#### [AIM OF THE TASK]
Select from the records below every line that has the word "Longrightarrow" in it.

#### [RECORDS TO PROCESS]
(* Let $d\geq 1$, $p\in[1,\infty)\setminus\{2\}$, and $\lambda_1,\dots,\lambda_d>0$. Then the equation $$\sum_{i=1}^{d}\frac{1-\beta^{3-\frac{1}{p}}\lambda_i}{1+\beta^{\frac{1}{p}}\lambda_i}=0$$ in the variable $\beta$ has exactly one positive root $\beta>0$. *)

theory Defs
  imports "HOL-Analysis.Analysis"
begin

end

theory Submission
  imports Defs
begin

text \<open>Each summand is strictly decreasing in \<open>\<beta>\<close> on \<open>(0,\<infinity>)\<close>, since the exponent \<open>3 - 1/p\<close>
  in the numerator exceeds the exponent \<open>1/p\<close> in the denominator. Hence so is the sum, which is
  continuous, positive for small \<open>\<beta>\<close> (all numerators positive) and negative for large \<open>\<beta>\<close> (all
  numerators negative); the intermediate value theorem gives the root and monotonicity its
  uniqueness.\<close>

definition ratio_term :: "real \<Rightarrow> real \<Rightarrow> real \<Rightarrow> real \<Rightarrow> real" where
  "ratio_term a b l x = (1 - x powr a * l) / (1 + x powr b * l)"

lemma ratio_term_denominator_pos:
  fixes l x b :: real
  assumes "l \<ge> 0"
  shows "0 < 1 + x powr b * l"
  using assms by (simp add: add_pos_nonneg)

lemma ratio_term_pos_iff:
  assumes "l \<ge> 0"
  shows "0 < ratio_term a b l x \<longleftrightarrow> x powr a * l < 1"
  using ratio_term_denominator_pos[OF assms, of x b]
  by (simp add: ratio_term_def zero_less_divide_iff)

lemma ratio_term_neg_iff:
  assumes "l \<ge> 0"
  shows "ratio_term a b l x < 0 \<longleftrightarrow> 1 < x powr a * l"
  using ratio_term_denominator_pos[OF assms, of x b]
  by (simp add: ratio_term_def divide_less_0_iff)

lemma ratio_term_strict_antimono:
  fixes l x y a b :: real
  assumes l: "l > 0" and x: "0 < x" and xy: "x < y" and b: "0 < b" and ab: "b < a"
  shows "ratio_term a b l y < ratio_term a b l x"
proof -
  have y: "0 < y" using x xy by simp
  have xy_b: "x powr b < y powr b" and xy_a: "x powr a < y powr a"
    using x xy b ab by (simp_all add: powr_less_mono2)
  have "x powr b * y powr b * x powr (a - b) < x powr b * y powr b * y powr (a - b)"
    using x xy b ab by (simp add: powr_less_mono2)
  moreover have "x powr a = x powr b * x powr (a - b)" "y powr a = y powr b * y powr (a - b)"
    by (simp_all flip: powr_add)
  ultimately have cross: "x powr a * y powr b < x powr b * y powr a"
    by (simp add: algebra_simps)
  have "(1 - x powr a * l) * (1 + y powr b * l) - (1 - y powr a * l) * (1 + x powr b * l)
      = l * (y powr b - x powr b) + l * (y powr a - x powr a)
        + l * l * (x powr b * y powr a - x powr a * y powr b)"
    by (simp add: algebra_simps)
  also have "\<dots> > 0"
    using l xy_a xy_b cross by (intro add_pos_pos) simp_all
  finally have "(1 - y powr a * l) * (1 + x powr b * l) < (1 - x powr a * l) * (1 + y powr b * l)"
    by simp
  then show ?thesis
    using ratio_term_denominator_pos[of l] l by (simp add: ratio_term_def divide_simps)
qed

lemma continuous_on_ratio_term:
  assumes "l \<ge> 0"
  shows "continuous_on {0<..} (ratio_term a b l)"
  unfolding ratio_term_def
  using ratio_term_denominator_pos[OF assms]
  by (intro continuous_intros) (auto simp: less_imp_neq[symmetric])

lemma ex1_pos_root_of_strict_antimono:
  fixes g :: "real \<Rightarrow> real"
  assumes cont: "continuous_on {0<..} g"
    and dec: "\<And>x y. 0 < x \<Longrightarrow> x < y \<Longrightarrow> g y < g x"
    and u: "0 < u" "0 < g u" and v: "0 < v" "g v < 0"
  shows "\<exists>!x. 0 < x \<and> g x = 0"
proof -
  have "u < v"
    using dec[of v u] u v by (cases u v rule: linorder_cases) auto
  moreover have "continuous_on {u..v} g"
    using u by (intro continuous_on_subset[OF cont]) auto
  ultimately obtain r where r: "u \<le> r" "r \<le> v" "g r = 0"
    using IVT2'[of g v 0 u] u v by auto
  show ?thesis
  proof (rule ex1I[of _ r])
    show "0 < r \<and> g r = 0" using r u by simp
    show "x = r" if "0 < x \<and> g x = 0" for x
      using that r u dec[of x r] dec[of r x] by (cases x r rule: linorder_cases) auto
  qed
qed

context
  fixes I :: "'i set" and lam :: "'i \<Rightarrow> real" and a b :: real
  assumes I: "finite I" "I \<noteq> {}" and lam: "\<And>i. i \<in> I \<Longrightarrow> lam i > 0" and a: "a > 0"
begin

lemma sum_ratio_term_pos_somewhere: "\<exists>x>0. 0 < (\<Sum>i\<in>I. ratio_term a b (lam i) x)"
proof -
  define L where "L = (\<Sum>i\<in>I. lam i)"
  have L: "lam i \<le> L" if "i \<in> I" for i
    unfolding L_def using I lam that by (intro member_le_sum) (auto intro: less_imp_le)
  have "L > 0" using L lam I by (meson all_not_in_conv order_less_le_trans)
  define x where "x = (1 / (1 + L)) powr (1 / a)"
  have x_pow: "x powr a = 1 / (1 + L)" unfolding x_def using \<open>L > 0\<close> a by (simp add: powr_powr)
  have "0 < ratio_term a b (lam i) x" if i: "i \<in> I" for i
    using L[OF i] lam[OF i] \<open>L > 0\<close>
    by (simp add: ratio_term_pos_iff less_imp_le x_pow divide_simps)
  then show ?thesis
    using I \<open>L > 0\<close> by (intro exI[of _ x]) (auto simp: x_def intro: sum_pos)
qed

lemma sum_ratio_term_neg_somewhere: "\<exists>x>0. (\<Sum>i\<in>I. ratio_term a b (lam i) x) < 0"
proof -
  define K where "K = (\<Sum>i\<in>I. 1 / lam i)"
  have K: "1 / lam i \<le> K" if "i \<in> I" for i
    unfolding K_def using I lam that by (intro member_le_sum) (auto intro: less_imp_le)
  have "K > 0" using K lam I by (metis all_not_in_conv order_less_le_trans zero_less_divide_1_iff)
  define x where "x = (1 + K) powr (1 / a)"
  have x_pow: "x powr a = 1 + K" unfolding x_def using \<open>K > 0\<close> a by (simp add: powr_powr)
  have "0 < - ratio_term a b (lam i) x" if i: "i \<in> I" for i
    using K[OF i] lam[OF i] \<open>K > 0\<close>
    by (simp add: ratio_term_neg_iff less_imp_le x_pow field_simps)
  then have "0 < (\<Sum>i\<in>I. - ratio_term a b (lam i) x)"
    using I by (intro sum_pos) auto
  then show ?thesis
    using \<open>K > 0\<close> by (intro exI[of _ x]) (auto simp: x_def sum_negf)
qed

lemma ex1_pos_root_sum_ratio_term:
  assumes "0 < b" "b < a"
  shows "\<exists>!x. 0 < x \<and> (\<Sum>i\<in>I. ratio_term a b (lam i) x) = 0"
proof -
  obtain u where "0 < u" "0 < (\<Sum>i\<in>I. ratio_term a b (lam i) u)"
    using sum_ratio_term_pos_somewhere by blast
  moreover obtain v where "0 < v" "(\<Sum>i\<in>I. ratio_term a b (lam i) v) < 0"
    using sum_ratio_term_neg_somewhere by blast
  moreover have "continuous_on {0<..} (\<lambda>x. \<Sum>i\<in>I. ratio_term a b (lam i) x)"
    using lam by (intro continuous_on_sum continuous_on_ratio_term) (auto intro: less_imp_le)
  moreover have "(\<Sum>i\<in>I. ratio_term a b (lam i) y) < (\<Sum>i\<in>I. ratio_term a b (lam i) x)"
    if "0 < x" "x < y" for x y
    using I lam that assms by (intro sum_strict_mono ratio_term_strict_antimono) auto
  ultimately show ?thesis
    by (intro ex1_pos_root_of_strict_antimono) auto
qed

end

theorem theorem2:
  fixes d :: nat and p :: real and lam :: "nat \<Rightarrow> real"
  assumes "d \<ge> 1" and "p \<ge> 1" and "p \<noteq> 2"
    and "\<And>i. i \<in> {1..d} \<Longrightarrow> lam i > 0"
  shows "\<exists>!\<beta>::real. \<beta> > 0 \<and>
    (\<Sum>i=1..d. (1 - \<beta> powr (3 - 1 / p) * lam i) / (1 + \<beta> powr (1 / p) * lam i)) = 0"
proof -
  have "0 < 1 / p" "1 / p < 3 - 1 / p"
    using \<open>p \<ge> 1\<close> by (simp_all add: field_simps)
  then have "\<exists>!\<beta>. 0 < \<beta> \<and> (\<Sum>i=1..d. ratio_term (3 - 1 / p) (1 / p) (lam i) \<beta>) = 0"
    using assms(1,4) by (intro ex1_pos_root_sum_ratio_term) auto
  then show ?thesis
    by (simp add: ratio_term_def)
qed

end
lemma finite_root_seq_not_pos:
  assumes "finite (V 0)"
  shows "\<exists>j\<ge>1. \<not> pos_vec (root_seq q j)"
proof (rule ccontr)
  assume "\<not> ?thesis"
  then have pos: "\<forall>j\<in>{1..Suc (card (V 0))}. pos_vec (root_seq q j)" by auto
  have "inj_on (root_seq q) {1..Suc (card (V 0))}"
    using det2_root_seq pos by (intro det2_chain_inj) auto
  then have "card (root_seq q ` {1..Suc (card (V 0))}) = Suc (card (V 0))"
    by (simp add: card_image)
  moreover have "root_seq q ` {1..Suc (card (V 0))} \<subseteq> V 0" using root_seq_mem by auto
  ultimately show False using card_mono[OF assms] by (metis Suc_n_not_le_n)
qed

lemma finite_reaches_top:
  assumes "finite (V 0)"
  shows "\<exists>m\<ge>2. reaches_top q m \<and> root_seq q (Suc m) = (-1, 0)"
proof -
  note ex = finite_root_seq_not_pos[OF assms]
  define j0 where "j0 = (LEAST j. 1 \<le> j \<and> \<not> pos_vec (root_seq q j))"
  have j0: "1 \<le> j0" "\<not> pos_vec (root_seq q j0)"
    using LeastI_ex[OF ex] by (simp_all add: j0_def)
  have below: "pos_vec (root_seq q j)" if "1 \<le> j" "j < j0" for j
    using not_less_Least[of j "\<lambda>j. 1 \<le> j \<and> \<not> pos_vec (root_seq q j)"] that
    unfolding j0_def by simp
  have "j0 \<noteq> 1" using j0 by (auto simp: pos_vec_def zero_prod_def)
  then obtain m where m: "j0 = Suc m" "1 \<le> m" using j0 by (cases j0) auto
  have pos: "\<forall>j\<in>{1..m}. pos_vec (root_seq q j)" using below m by auto
  have "pos_vec (root_seq q m)" using pos m by auto
  then have "root_seq q m = (0, 1) \<and> root_seq q (Suc m) = (-1, 0)"
    using leaves_quadrant j0 m by simp
  moreover from this have "m \<noteq> 1" by auto
  ultimately have "2 \<le> m \<and> reaches_top q m \<and> root_seq q (Suc m) = (-1, 0)"
    using pos m by (auto simp: reaches_top_def)
  then show ?thesis by blast
qed

lemma positive_roots_eq:
  assumes "1 \<le> m" "reaches_top q m"
  shows "{u \<in> V 0. pos_vec u} = root_seq q ` {1..m}"
proof
  show "root_seq q ` {1..m} \<subseteq> {u \<in> V 0. pos_vec u}"
    using assms root_seq_mem by (auto simp: reaches_top_def)
next
  show "{u \<in> V 0. pos_vec u} \<subseteq> root_seq q ` {1..m}"
  proof clarify
    fix g assume g: "g \<in> V 0" "pos_vec g"
    then consider j l where "j \<in> {1..m}" "0 < l" "g = scale l (root_seq q j)"
      | j l l' where "j \<in> {1..<m}" "0 < l" "0 < l'"
          "g = scale l (root_seq q j) + scale l' (root_seq q (Suc j))"
      using pos_vec_in_fan[of "root_seq q" m g] det2_root_seq assms by (auto simp: reaches_top_def)
    then show "g \<in> root_seq q ` {1..m}"
    proof cases
      case 1
      then have "l = 1" using root_multiple_eq_one g by blast
      then show ?thesis using 1 by (simp add: scale_def)
    next
      case 2
      then show ?thesis using no_root_in_open_cone g by fastforce
    qed
  qed
qed

lemma card_positive_roots:
  assumes "1 \<le> m" "reaches_top q m"
  shows "card {u \<in> V 0. pos_vec u} = m"
proof -
  have "inj_on (root_seq q) {1..m}"
    using det2_chain_inj det2_root_seq assms by (auto simp: reaches_top_def)
  then show ?thesis by (simp add: positive_roots_eq[OF assms] card_image)
qed

lemma finite_if_reaches_top:
  assumes "1 \<le> m" "reaches_top q m"
  shows "finite (V 0)"
proof -
  have "V 0 \<subseteq> {u \<in> V 0. pos_vec u} \<union> uminus ` {u \<in> V 0. pos_vec u}"
  proof
    fix u assume u: "u \<in> V 0"
    then have "pos_vec u \<or> pos_vec (- u)"
      using sign_coherent zero_notin by (fastforce simp: sign_coherent_def pos_vec_def)
    moreover have "u = - (- u)" "- u \<in> V 0" using u uminus_mem by simp_all
    ultimately show "u \<in> {u \<in> V 0. pos_vec u} \<union> uminus ` {u \<in> V 0. pos_vec u}"
      using u by blast
  qed
  then show ?thesis using positive_roots_eq[OF assms] finite_subset by fastforce
qed

end

section \<open>Quiddity chains\<close>

definition height :: "vec \<Rightarrow> int" where
  "height u = fst u + snd u"

lemma height_add: "height (u + w) = height u + height w"
  and height_scale: "height (scale l u) = l * height u"
  by (simp_all add: height_def algebra_simps)

lemma height_pos: "pos_vec u \<Longrightarrow> 1 \<le> height u"
  by (auto simp: pos_vec_def height_def zero_prod_def prod_eq_iff)

lemma height_eq_one: "pos_vec u \<Longrightarrow> height u = 1 \<Longrightarrow> u = (1, 0) \<or> u = (0, 1)"
  by (cases u) (auto simp: pos_vec_def height_def)

lemma det2_eq_one_height_eq:
  assumes "pos_vec u'" "height u = height u'" "det2 u u' = 1"
  shows "height u = 1"
proof -
  obtain a b c d where uu': "u = (a, b)" "u' = (c, d)" by fastforce
  have "b = c + d - a" using assms(2) by (simp add: height_def uu')
  then have "a * d - (c + d - a) * c = 1" using assms(3) by (simp add: det2_def uu')
  then have "(c + d) * (a - c) = 1" by (simp add: algebra_simps)
  moreover have "c + d \<ge> 0" using assms(1) by (simp add: pos_vec_def uu')
  ultimately show ?thesis using assms(2) by (simp add: height_def uu' zmult_eq_1_iff)
qed

text \<open>Conway--Coxeter quiddity sequences, with the chain closed by \<open>w 0 = -(0,1)\<close> and
  \<open>w (n + 1) = -(1,0)\<close> so that the quiddity relation also holds at both ends.\<close>

definition quiddity_chain :: "(nat \<Rightarrow> vec) \<Rightarrow> (nat \<Rightarrow> int) \<Rightarrow> nat \<Rightarrow> bool" where
  "quiddity_chain w p n \<longleftrightarrow> 2 \<le> n \<and> w 0 = (0, -1) \<and> w 1 = (1, 0) \<and> w n = (0, 1) \<and> w (Suc n) = (-1, 0)
     \<and> (\<forall>j\<in>{1..n}. pos_vec (w j)) \<and> (\<forall>j\<le>n. det2 (w j) (w (Suc j)) = 1)
     \<and> (\<forall>j\<in>{1..n}. w (j - 1) + w (Suc j) = scale (p j) (w j))"

lemma quiddity_chain_peak:
  assumes chain: "quiddity_chain w p n" and k: "k \<in> {2..n-1}"
    and lower: "height (w (k - 1)) < height (w k)" "height (w (Suc k)) < height (w k)"
  shows "p k = 1"
proof -
  have kb: "k - 1 \<in> {1..n}" "k \<in> {1..n}" "Suc k \<in> {1..n}" using k by auto
  have pos: "\<forall>j\<in>{1..n}. pos_vec (w j)" using chain by (simp add: quiddity_chain_def)
  have "w (k - 1) + w (Suc k) = scale (p k) (w k)"
    using chain kb by (simp add: quiddity_chain_def)
  then have "height (w (k - 1)) + height (w (Suc k)) = p k * height (w k)"
    by (metis height_add height_scale)
  moreover have "1 \<le> height (w (k - 1))" "1 \<le> height (w (Suc k))" "0 < height (w k)"
    using height_pos pos kb by fastforce+
  ultimately have "0 < p k * height (w k)" "p k * height (w k) < 2 * height (w k)"
    using lower by linarith+
  then have "0 < p k" "p k < 2" using \<open>0 < height (w k)\<close> by (simp_all add: zero_less_mult_iff)
  then show ?thesis by simp
qed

#### [TASK RESPONSE]
    and dec: "\<And>x y. 0 < x \<Longrightarrow> x < y \<Longrightarrow> g y < g x"
  assumes I: "finite I" "I \<noteq> {}" and lam: "\<And>i. i \<in> I \<Longrightarrow> lam i > 0" and a: "a > 0"
    and "\<And>i. i \<in> {1..d} \<Longrightarrow> lam i > 0"
lemma height_pos: "pos_vec u \<Longrightarrow> 1 \<le> height u"
lemma height_eq_one: "pos_vec u \<Longrightarrow> height u = 1 \<Longrightarrow> u = (1, 0) \<or> u = (0, 1)"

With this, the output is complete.